I am interested in the technical points as well. I'm guessing based on the pictures and video, it is a hinge style joint with a long pin. Maybe some sort of flap at the top.
Is it draft proof? This is very important for a greenhouse no?
it's architecture made by designer…the roof doesn't work
quite a boring structure indeed.
this is not design, its marketing.
I agree, Its all about the marketing thesedays the actual product often pales into insignificance.
There are many examples of this on Dezeen, designers using 'gimmicks' and publicity stunts to push a new product and profile.
Its very much like the music industry, i'm dreading the boybands of design.
That's nothing, I built a lego Crystal Palace when I was about 8 years old.

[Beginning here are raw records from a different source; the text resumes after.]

lemma siphon_conservation_law:
  fixes Y :: "nat \<Rightarrow> 's::finite monomial"
  assumes "crn n E Y" and "weakly_reversible n E" and "\<not> catalytic E Y"
    and "Z \<noteq> {}" and "siphon E Y Z"
  shows "\<exists>w::real^'s. (\<forall>j. 0 \<le> w $ j) \<and> (\<forall>j. j \<notin> Z \<longrightarrow> w $ j = 0) \<and> w \<noteq> 0 \<and>
           (\<forall>e\<in>E. reaction_vector Y e \<bullet> w = 0)"
proof (rule ccontr)
  assume no_law: "\<not> ?thesis"
  define V where "V e = exponent_diff (Y (snd e)) (Y (fst e))" for e
  have "finite E" using assms(1) finite_subset[of E "{1..n} \<times> {1..n}"] by (auto simp: crn_def)
  then obtain c where "\<forall>j\<in>Z. 0 < (\<Sum>e\<in>E. c e *\<^sub>R reaction_vector Y e) $ j"
    using positive_combination_if_no_nonneg_orthogonal[OF _ assms(4) no_law] by blast
  then have "\<forall>j\<in>Z. 0 < (\<Sum>e\<in>E. c e * of_int (V e j))"
    by (simp add: V_def exponent_diff_def reaction_vector_def)
  then obtain d where d: "\<forall>j\<in>Z. 0 < (\<Sum>e\<in>E. d e * V e j)"
    using integer_combination_positive_on[OF \<open>finite E\<close>] by blast
  have "(\<lambda>j. \<Sum>e\<in>E. d e * V e j) \<in> event_lattice E Y"
    using \<open>finite E\<close> reaction_in_event_lattice
    by (intro int_combination_in_event_lattice[OF assms(1,2)]) (auto simp: V_def)
  then have "\<forall>j\<in>Z. (\<Sum>e\<in>E. d e * V e j) = 0"
    using d by (intro event_lattice_nonneg_on_siphon[OF assms(3,5)]) (auto simp: less_imp_le)
  then show False using d assms(4) by fastforce
qed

as someone involved in encouraging people to grow their own fruit and vegetables, I want to point out (though I'm sure we all already know), that this promotional stunt for LEGO has no value whatsover in terms food growing nor is it a clever idea.
So few of the 'designs' featured in Dezeen have any purpose, just stylistic frippery. Come on Dezeen up your game and show us some good meaningful design which brings real value into this world.

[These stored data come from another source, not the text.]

(* Let $\mathsf{X}$ and $\mathsf{Y}$ be intermediate temporal logics with $\mathsf{X}\subseteq\mathsf{Y}$. A temporal theory $\Gamma$ is $\mathsf{X}$-consistent if and only if it is $\mathsf{Y}$-consistent.
   Context: Fix a countable set $\mathbb{P}$ of atoms. Temporal formulas: $\varphi ::= p\mid\bot\mid\varphi\wedge\varphi\mid\varphi\vee\varphi\mid\varphi\to\varphi\mid\circ\varphi\mid\varphi\,\mathsf{U}\,\varphi\mid\varphi\,\mathsf{R}\,\varphi$; $\Box\varphi:=\bot\,\mathsf{R}\,\varphi$. An intuitionistic temporal frame is $(W,\preccurlyeq,S)$ with $W\ne\emptyset$, $\preccurlyeq$ a partial order, $S:W\to W$ forward confluent ($w\preccurlyeq v\Rightarrow S(w)\preccurlyeq S(v)$); persistent if also backward confluent (if $S(w)=v\preccurlyeq u$ then some $t\succcurlyeq w$ has $S(t)=u$). A model adds $V:W\to2^{\mathbb{P}}$ monotone along $\preccurlyeq$. Satisfaction: atoms via $V$; $\bot$ never; $\wedge,\vee$ pointwise; $M,w\models\varphi\to\psi$ iff for all $v\succcurlyeq w$, $M,v\models\varphi$ implies $M,v\models\psi$; $\circ\varphi$ at $w$ iff $\varphi$ at $S(w)$; $\varphi\,\mathsf{U}\,\psi$: some $k\ge0$ with $\psi$ at $S^k(w)$ and $\varphi$ at $S^i(w)$ for all $0\le i<k$; $\varphi\,\mathsf{R}\,\psi$: for all $k\ge0$, $\psi$ at $S^k(w)$ or $\varphi$ at some $S^i(w)$, $0\le i<k$. Depth $\le n$: no chain of $n+1$ pairwise distinct $\preccurlyeq$-related worlds. $\mathrm{ITL}^{\mathrm{BD}_n}$: formulas true at every world of every model on a persistent frame of depth $\le n$; $\mathrm{LTL}:=\mathrm{ITL}^{\mathrm{BD}_1}$. An intermediate temporal logic is a set $\mathsf{X}$ with $\mathrm{ITL}^{\mathrm{BD}_n}\subseteq\mathsf{X}\subseteq\mathrm{LTL}$ for some $n\ge1$, closed under modus ponens, necessitation ($\psi\in\mathsf{X}\Rightarrow\circ\psi,\Box\psi\in\mathsf{X}$) and uniform substitution. $\mathsf{X}$-models are models on persistent frames of depth $\le n$ validating every formula of $\mathsf{X}$. $\Gamma$ is $\mathsf{X}$-consistent if some $\mathsf{X}$-model satisfies all of $\Gamma$ at some world. *)

theory Defs
  imports Main
begin

datatype fm =
    Atom nat
  | Bot
  | And fm fm
  | Or fm fm
  | Imp fm fm
  | Next fm
  | Until fm fm
  | Release fm fm

definition Box :: "fm \<Rightarrow> fm" where
  "Box \<phi> = Release Bot \<phi>"

fun subst :: "(nat \<Rightarrow> fm) \<Rightarrow> fm \<Rightarrow> fm" where
  "subst \<sigma> (Atom p) = \<sigma> p"
| "subst \<sigma> Bot = Bot"
| "subst \<sigma> (And a b) = And (subst \<sigma> a) (subst \<sigma> b)"
| "subst \<sigma> (Or a b) = Or (subst \<sigma> a) (subst \<sigma> b)"
| "subst \<sigma> (Imp a b) = Imp (subst \<sigma> a) (subst \<sigma> b)"
| "subst \<sigma> (Next a) = Next (subst \<sigma> a)"
| "subst \<sigma> (Until a b) = Until (subst \<sigma> a) (subst \<sigma> b)"
| "subst \<sigma> (Release a b) = Release (subst \<sigma> a) (subst \<sigma> b)"

record 'w kmodel =
  wor :: "'w set"
  leq :: "'w \<Rightarrow> 'w \<Rightarrow> bool"
  suc :: "'w \<Rightarrow> 'w"
  val :: "'w \<Rightarrow> nat set"

definition frame :: "'w kmodel \<Rightarrow> bool" where
  "frame M \<longleftrightarrow> wor M \<noteq> {}
     \<and> (\<forall>w\<in>wor M. suc M w \<in> wor M)
     \<and> (\<forall>w\<in>wor M. leq M w w)
     \<and> (\<forall>u\<in>wor M. \<forall>v\<in>wor M. \<forall>w\<in>wor M. leq M u v \<and> leq M v w \<longrightarrow> leq M u w)
     \<and> (\<forall>u\<in>wor M. \<forall>v\<in>wor M. leq M u v \<and> leq M v u \<longrightarrow> u = v)
     \<and> (\<forall>w\<in>wor M. \<forall>v\<in>wor M. leq M w v \<longrightarrow> leq M (suc M w) (suc M v))"

definition persistent :: "'w kmodel \<Rightarrow> bool" where
  "persistent M \<longleftrightarrow> frame M
     \<and> (\<forall>w\<in>wor M. \<forall>u\<in>wor M. leq M (suc M w) u \<longrightarrow>
          (\<exists>t\<in>wor M. leq M w t \<and> suc M t = u))"

definition model :: "'w kmodel \<Rightarrow> bool" where
  "model M \<longleftrightarrow> frame M
     \<and> (\<forall>w\<in>wor M. \<forall>v\<in>wor M. leq M w v \<longrightarrow> val M w \<subseteq> val M v)"

definition depth_le :: "'w kmodel \<Rightarrow> nat \<Rightarrow> bool" where
  "depth_le M n \<longleftrightarrow> \<not> (\<exists>C. C \<subseteq> wor M \<and> finite C \<and> card C = Suc n
        \<and> (\<forall>x\<in>C. \<forall>y\<in>C. leq M x y \<or> leq M y x))"

fun sat :: "'w kmodel \<Rightarrow> 'w \<Rightarrow> fm \<Rightarrow> bool" where
  "sat M w (Atom p) = (p \<in> val M w)"
| "sat M w Bot = False"
| "sat M w (And a b) = (sat M w a \<and> sat M w b)"
| "sat M w (Or a b) = (sat M w a \<or> sat M w b)"
| "sat M w (Imp a b) = (\<forall>v\<in>wor M. leq M w v \<longrightarrow> sat M v a \<longrightarrow> sat M v b)"
| "sat M w (Next a) = sat M (suc M w) a"
| "sat M w (Until a b) =
     (\<exists>k. sat M ((suc M ^^ k) w) b \<and> (\<forall>i<k. sat M ((suc M ^^ i) w) a))"
| "sat M w (Release a b) =
     (\<forall>k. sat M ((suc M ^^ k) w) b \<or> (\<exists>i<k. sat M ((suc M ^^ i) w) a))"

definition ITL_BD :: "'w itself \<Rightarrow> nat \<Rightarrow> fm set" where
  "ITL_BD T n = {\<phi>. \<forall>M :: 'w kmodel. model M \<and> persistent M \<and> depth_le M n \<longrightarrow>
                      (\<forall>w\<in>wor M. sat M w \<phi>)}"

definition LTL :: "'w itself \<Rightarrow> fm set" where
  "LTL T = ITL_BD T 1"

definition intermediate_logic :: "'w itself \<Rightarrow> fm set \<Rightarrow> bool" where
  "intermediate_logic T X \<longleftrightarrow>
     (\<exists>n\<ge>1. ITL_BD T n \<subseteq> X) \<and> X \<subseteq> LTL T
     \<and> (\<forall>\<phi> \<psi>. Imp \<phi> \<psi> \<in> X \<longrightarrow> \<phi> \<in> X \<longrightarrow> \<psi> \<in> X)
     \<and> (\<forall>\<psi>\<in>X. Next \<psi> \<in> X \<and> Box \<psi> \<in> X)
     \<and> (\<forall>\<psi>\<in>X. \<forall>\<sigma>. subst \<sigma> \<psi> \<in> X)"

There that's that said – carry on..
James May would love this
I don't see a door…
love the idea, but yes, more details on how it actually functions. as far as i know plants can't actually grow from brown, danish, cube-like toy components…
As many others have said, it's non-functional; it's simply for aesthetics as a Lego promotional stunt.
It's a playful, 10 day installation made out of lego – perhaps not intended as a serious challenge to the traditional greenhouse. Unless the photographer has been 'walled in' for the duration like an anchorite, perhaps also we can assume there is a door (and who knows, maybe some real earth beneath the lego 'earth'!!). Personally, I can survive without seeing drawings of the drainage / eaves details etc. Enjoy the Festival.
Lego…it's what plants crave!!!!
I think it's adorable… all the haters please leave the room…
when you're trained as a designer, or architect, you have to deal with critiques of your work. the "haters" are critiquing the design project… pointing out that you can stage things to look great in a photo, but in reality its quite possibly a bad greenhouse. The designer holding a basket of peaches in front of the greenhouse to small to even house a peach tree is lame, it makes no sense.
Amazing, that the plants are grown in Lego too. Now that's synergy.
or they have legos as mulch over potted plants, since it was assembled in a few hours… also, check the definition of synergy
I found the video to be pretty sad. A van pulls up, the walls are ready made, a few LEDs are thrown in and there you have it.
If we saw Bergne himself building the house one brick at a time, we'd might then feel that some care and attention went into the 'design'.